In one hand, Pauline Zile clutched a stuffed animal. With the other, she wiped the tears streaming from her red, swollen eyes.
Looking into the TV camera, she made a near-hysterical plea for the return of her 7-year-old daughter, saying Christina Holt had been abducted from a restroom at a flea market.
One problem: The woman kept referring to her daughter in the past tense.
Days later, police announced that Mrs. Zile had concocted the abduction tale to cover up her daughter's beating death more than a month earlier at the hands of the girl's stepfather.
Mrs. Zile's grammatical slip was just one of the inconsistencies investigators uncovered in the death of the second-grader, whose body was found Friday in a shallow grave behind a store in Tequesta, about 20 miles north of West Palm Beach.
"If you think your daughter's just been missing for a few hours, you're not going to be talking about her, every line, in the past tense," said Jim Leljedal, a spokesman for the Broward County Sheriff's Office.
The girl's stepfather, Walter John Zile, 32, was jailed without bail Thursday on charges of murder as well as aggravated child abuse for two previous beatings the child allegedly suffered. He led police to the body.
After more than 10 hours of interrogation, with Mrs. Zile having confessed after failing a lie detector test, Zile had decided to tell his story.
He told police that he was in his living room Sept. 16 and was questioning Christina when she soiled her pants. He hit her several times in the face and on the buttocks, and when she wouldn't stop crying, he covered her mouth with his hand, the affidavit said. She then started to bleed and go into seizures, police said.
The Ziles tried to revive the girl by giving her cardiopulmonary resuscitation and even dunking her in a tub of cold water, Zile told police. They were unable to revive her, and kept her body in a closet for four days while Zile looked for a place to bury her.
He wrapped the girl's body in a blanket, sheets and blue tarp and buried her in a field, according to police.
Investigators believe that Mrs. Zile, 24, witnessed but did not participate in the beating. She tearfully told police her story in exchange for limited immunity. If prosecutors were to establish a crime independent of her statements, she could still be charged.
The tale began last weekend with Mrs. Zile's gripping, detailed account of her daughter's purported abduction. Mrs. Zile said she and Christina had wanted some special mother-daughter time, so they drove from their motel apartment in Riviera Beach to the Swap Shop flea market in Fort Lauderdale on Saturday.
When they arrived, she said, they immediately looked for the nearest restroom. Mrs. Zile said she went into a stall and heard someone go into the stall next to her and assumed it was Christina. She told investigators she was talking to the girl and realized something was wrong when Christina didn't respond.
Mrs. Zile said she yelled Christina's name and no one responded. Her daughter had vanished, she said.
The Sheriff's Office and Riviera Beach police opened child abduction investigations and called in the FBI.
Now, investigators say, it was all a well-rehearsed performance by Mrs. Zile.
"We had somebody who called us this week and they said, "This seems strange, but we saw her calling out for the girl. But it wasn't on Saturday; it was on Thursday,'
" Leljedal said.
Mrs.

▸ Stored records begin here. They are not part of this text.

lemma sum_gamma_map_inr_verts:
  "v \<in> inr_verts G \<xi> \<Longrightarrow>
   sum_gamma_map \<rho>1 \<rho>2 G \<xi> v = Inr (\<rho>2 (induced G (inr_verts G \<xi>)) (inr_part G \<xi>) v)"
  by (simp add: sum_gamma_map_def inr_verts_def)

lemma isl_sum_gamma_map: "v \<in> verts G \<Longrightarrow> isl (sum_gamma_map \<rho>1 \<rho>2 G \<xi> v) = isl (\<xi> v)"
  by (simp add: sum_gamma_map_def)

lemma verts_inl_inr_cases:
  assumes "v \<in> verts G"
  obtains "v \<in> inl_verts G \<xi>" | "v \<in> inr_verts G \<xi>"
  using assms by (auto simp: inl_verts_def inr_verts_def)

context
  fixes G :: "'v digraph"
    and R1 :: "'a digraph" and R2 :: "'b digraph" and S1 :: "'c digraph" and S2 :: "'d digraph"
    and \<rho>1 :: "'v digraph \<Rightarrow> ('v \<Rightarrow> 'a) \<Rightarrow> 'v \<Rightarrow> 'c"
    and \<rho>2 :: "'v digraph \<Rightarrow> ('v \<Rightarrow> 'b) \<Rightarrow> 'v \<Rightarrow> 'd"
  assumes arcs_G: "arcs G \<subseteq> verts G \<times> verts G"
    and \<rho>1: "\<And>X. X \<subseteq> verts G \<Longrightarrow> X \<noteq> {} \<Longrightarrow> strong_gamma_map (induced G X) R1 S1 (\<rho>1 (induced G X))"
    and \<rho>2: "\<And>X. X \<subseteq> verts G \<Longrightarrow> X \<noteq> {} \<Longrightarrow> strong_gamma_map (induced G X) R2 S2 (\<rho>2 (induced G X))"
begin

lemma strong_gamma_map_inl_verts:
  "v \<in> inl_verts G \<xi> \<Longrightarrow>
   strong_gamma_map (induced G (inl_verts G \<xi>)) R1 S1 (\<rho>1 (induced G (inl_verts G \<xi>)))"
  by (rule \<rho>1) (auto simp: inl_verts_def)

Zile even had left a half-full bottle of juice and part of a bag of candy in her car so it would look as if there had been a child with her.
And the doll she clutched, claiming it was Christina's favorite, was new, Leljedal said. "We had a couple of people tell us they had never seen the doll before," he said.
Then, none of the 32 surveillance cameras at the Swap Shop showed that anyone had arrived with Zile on Saturday.
"The more we tried to find people who had seen Christina, the more we found people who hadn't seen her for weeks," Leljedal said.
Charges were filed a day after the Ziles missed an appointment at which Mrs. Zile was to give a blood sample for genetic typing, a common procedure in missing-children cases. A nationwide alert for the couple was issued after investigators found traces of blood in their apartment and the trunk of their car.
Before dawn Thursday, a trucker spotted the Ziles at a store in Port St. Lucie. After nine hours of questioning, Zile led police to the grave site.
The Ziles' two other children, ages 3 and 5, were taken into state custody. A baby Mrs. Zile gave birth to on Oct. 4, about two weeks after the death of Christina, was put up for adoption.
Christina had been the subject of a custody battle most of her life. But unlike most cases, her natural parents weren't fighting to keep her.
Until she was 5, the girl lived with her stepgreat-grandmother, Dorothy Money, in Poolsville, Md. Money was the stepgrandmother of Christina's biological father, Franklin Holt.
Money then turned the girl over to Judy Holt, Christina's paternal grandmother, who brought her to Florida in June to live with Pauline Zile.